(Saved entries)

________

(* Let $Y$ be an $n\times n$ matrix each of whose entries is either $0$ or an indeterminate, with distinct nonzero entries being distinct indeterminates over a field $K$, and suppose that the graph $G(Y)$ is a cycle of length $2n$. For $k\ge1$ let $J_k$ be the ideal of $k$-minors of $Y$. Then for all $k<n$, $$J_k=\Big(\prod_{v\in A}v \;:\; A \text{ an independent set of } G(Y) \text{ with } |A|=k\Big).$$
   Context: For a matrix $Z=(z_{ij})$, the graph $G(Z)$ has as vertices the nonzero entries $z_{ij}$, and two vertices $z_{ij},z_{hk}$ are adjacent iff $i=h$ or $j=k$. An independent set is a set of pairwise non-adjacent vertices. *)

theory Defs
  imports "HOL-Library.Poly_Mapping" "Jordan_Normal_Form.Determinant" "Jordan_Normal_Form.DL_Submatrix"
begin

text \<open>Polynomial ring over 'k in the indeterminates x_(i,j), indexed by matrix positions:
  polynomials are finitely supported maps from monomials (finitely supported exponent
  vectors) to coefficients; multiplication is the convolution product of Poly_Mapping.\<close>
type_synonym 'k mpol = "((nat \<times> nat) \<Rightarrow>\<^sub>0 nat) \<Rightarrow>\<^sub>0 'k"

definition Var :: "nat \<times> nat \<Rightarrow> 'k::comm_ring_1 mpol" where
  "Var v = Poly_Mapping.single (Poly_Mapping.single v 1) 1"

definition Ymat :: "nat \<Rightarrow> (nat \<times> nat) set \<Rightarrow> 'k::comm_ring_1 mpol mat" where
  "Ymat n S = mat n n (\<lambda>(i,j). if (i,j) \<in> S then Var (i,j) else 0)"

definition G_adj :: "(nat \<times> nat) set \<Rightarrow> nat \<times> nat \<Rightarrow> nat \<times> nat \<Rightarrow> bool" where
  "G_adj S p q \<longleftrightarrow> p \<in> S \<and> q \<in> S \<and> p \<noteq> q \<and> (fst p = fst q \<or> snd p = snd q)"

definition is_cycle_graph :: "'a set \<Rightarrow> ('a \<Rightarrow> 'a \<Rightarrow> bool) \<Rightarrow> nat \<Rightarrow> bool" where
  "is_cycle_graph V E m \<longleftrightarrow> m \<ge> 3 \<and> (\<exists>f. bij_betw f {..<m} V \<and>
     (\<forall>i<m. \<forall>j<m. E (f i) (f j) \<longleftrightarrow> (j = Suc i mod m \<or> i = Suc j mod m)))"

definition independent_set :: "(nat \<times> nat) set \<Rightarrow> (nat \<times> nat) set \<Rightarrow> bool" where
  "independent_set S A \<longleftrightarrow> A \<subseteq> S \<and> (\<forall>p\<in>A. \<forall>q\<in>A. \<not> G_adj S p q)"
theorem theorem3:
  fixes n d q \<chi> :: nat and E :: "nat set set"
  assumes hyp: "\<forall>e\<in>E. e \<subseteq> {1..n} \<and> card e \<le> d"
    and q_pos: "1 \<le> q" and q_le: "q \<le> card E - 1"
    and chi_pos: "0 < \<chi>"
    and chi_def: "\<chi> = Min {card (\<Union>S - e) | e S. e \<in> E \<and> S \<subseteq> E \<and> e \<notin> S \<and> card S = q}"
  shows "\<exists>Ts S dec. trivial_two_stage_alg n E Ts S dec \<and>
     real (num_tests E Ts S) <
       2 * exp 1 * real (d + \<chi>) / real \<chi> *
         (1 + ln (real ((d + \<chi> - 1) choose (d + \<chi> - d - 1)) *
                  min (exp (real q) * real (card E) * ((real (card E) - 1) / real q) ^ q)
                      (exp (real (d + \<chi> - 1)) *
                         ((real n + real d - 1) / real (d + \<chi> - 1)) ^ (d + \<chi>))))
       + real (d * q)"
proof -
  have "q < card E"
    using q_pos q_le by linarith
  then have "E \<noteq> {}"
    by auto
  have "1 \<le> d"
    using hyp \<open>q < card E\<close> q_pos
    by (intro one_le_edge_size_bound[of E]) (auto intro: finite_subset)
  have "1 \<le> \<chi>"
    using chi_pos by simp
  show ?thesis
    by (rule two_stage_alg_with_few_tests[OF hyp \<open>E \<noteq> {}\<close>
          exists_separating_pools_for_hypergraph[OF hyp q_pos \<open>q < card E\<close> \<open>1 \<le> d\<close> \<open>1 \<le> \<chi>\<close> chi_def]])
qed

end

________

Set down the records again verbatim, so that each word stays as it is.

ANSWER SPACE.
(* Let $Y$ be an $n\times n$ matrix each of whose entries is either $0$ or an indeterminate, with distinct nonzero entries being distinct indeterminates over a field $K$, and suppose that the graph $G(Y)$ is a cycle of length $2n$. For $k\ge1$ let $J_k$ be the ideal of $k$-minors of $Y$. Then for all $k<n$, $$J_k=\Big(\prod_{v\in A}v \;:\; A \text{ an independent set of } G(Y) \text{ with } |A|=k\Big).$$
   Context: For a matrix $Z=(z_{ij})$, the graph $G(Z)$ has as vertices the nonzero entries $z_{ij}$, and two vertices $z_{ij},z_{hk}$ are adjacent iff $i=h$ or $j=k$. An independent set is a set of pairwise non-adjacent vertices. *)

theory Defs
  imports "HOL-Library.Poly_Mapping" "Jordan_Normal_Form.Determinant" "Jordan_Normal_Form.DL_Submatrix"
begin

text \<open>Polynomial ring over 'k in the indeterminates x_(i,j), indexed by matrix positions:
  polynomials are finitely supported maps from monomials (finitely supported exponent
  vectors) to coefficients; multiplication is the convolution product of Poly_Mapping.\<close>
type_synonym 'k mpol = "((nat \<times> nat) \<Rightarrow>\<^sub>0 nat) \<Rightarrow>\<^sub>0 'k"

definition Var :: "nat \<times> nat \<Rightarrow> 'k::comm_ring_1 mpol" where
  "Var v = Poly_Mapping.single (Poly_Mapping.single v 1) 1"

definition Ymat :: "nat \<Rightarrow> (nat \<times> nat) set \<Rightarrow> 'k::comm_ring_1 mpol mat" where
  "Ymat n S = mat n n (\<lambda>(i,j). if (i,j) \<in> S then Var (i,j) else 0)"

definition G_adj :: "(nat \<times> nat) set \<Rightarrow> nat \<times> nat \<Rightarrow> nat \<times> nat \<Rightarrow> bool" where
  "G_adj S p q \<longleftrightarrow> p \<in> S \<and> q \<in> S \<and> p \<noteq> q \<and> (fst p = fst q \<or> snd p = snd q)"

definition is_cycle_graph :: "'a set \<Rightarrow> ('a \<Rightarrow> 'a \<Rightarrow> bool) \<Rightarrow> nat \<Rightarrow> bool" where
  "is_cycle_graph V E m \<longleftrightarrow> m \<ge> 3 \<and> (\<exists>f. bij_betw f {..<m} V \<and>
     (\<forall>i<m. \<forall>j<m. E (f i) (f j) \<longleftrightarrow> (j = Suc i mod m \<or> i = Suc j mod m)))"

definition independent_set :: "(nat \<times> nat) set \<Rightarrow> (nat \<times> nat) set \<Rightarrow> bool" where
  "independent_set S A \<longleftrightarrow> A \<subseteq> S \<and> (\<forall>p\<in>A. \<forall>q\<in>A. \<not> G_adj S p q)"
theorem theorem3:
  fixes n d q \<chi> :: nat and E :: "nat set set"
  assumes hyp: "\<forall>e\<in>E. e \<subseteq> {1..n} \<and> card e \<le> d"
    and q_pos: "1 \<le> q" and q_le: "q \<le> card E - 1"
    and chi_pos: "0 < \<chi>"
    and chi_def: "\<chi> = Min {card (\<Union>S - e) | e S. e \<in> E \<and> S \<subseteq> E \<and> e \<notin> S \<and> card S = q}"
  shows "\<exists>Ts S dec. trivial_two_stage_alg n E Ts S dec \<and>
     real (num_tests E Ts S) <
       2 * exp 1 * real (d + \<chi>) / real \<chi> *
         (1 + ln (real ((d + \<chi> - 1) choose (d + \<chi> - d - 1)) *
                  min (exp (real q) * real (card E) * ((real (card E) - 1) / real q) ^ q)
                      (exp (real (d + \<chi> - 1)) *
                         ((real n + real d - 1) / real (d + \<chi> - 1)) ^ (d + \<chi>))))
       + real (d * q)"
proof -
  have "q < card E"
    using q_pos q_le by linarith
  then have "E \<noteq> {}"
    by auto
  have "1 \<le> d"
    using hyp \<open>q < card E\<close> q_pos
    by (intro one_le_edge_size_bound[of E]) (auto intro: finite_subset)
  have "1 \<le> \<chi>"
    using chi_pos by simp
  show ?thesis
    by (rule two_stage_alg_with_few_tests[OF hyp \<open>E \<noteq> {}\<close>
          exists_separating_pools_for_hypergraph[OF hyp q_pos \<open>q < card E\<close> \<open>1 \<le> d\<close> \<open>1 \<le> \<chi>\<close> chi_def]])
qed

end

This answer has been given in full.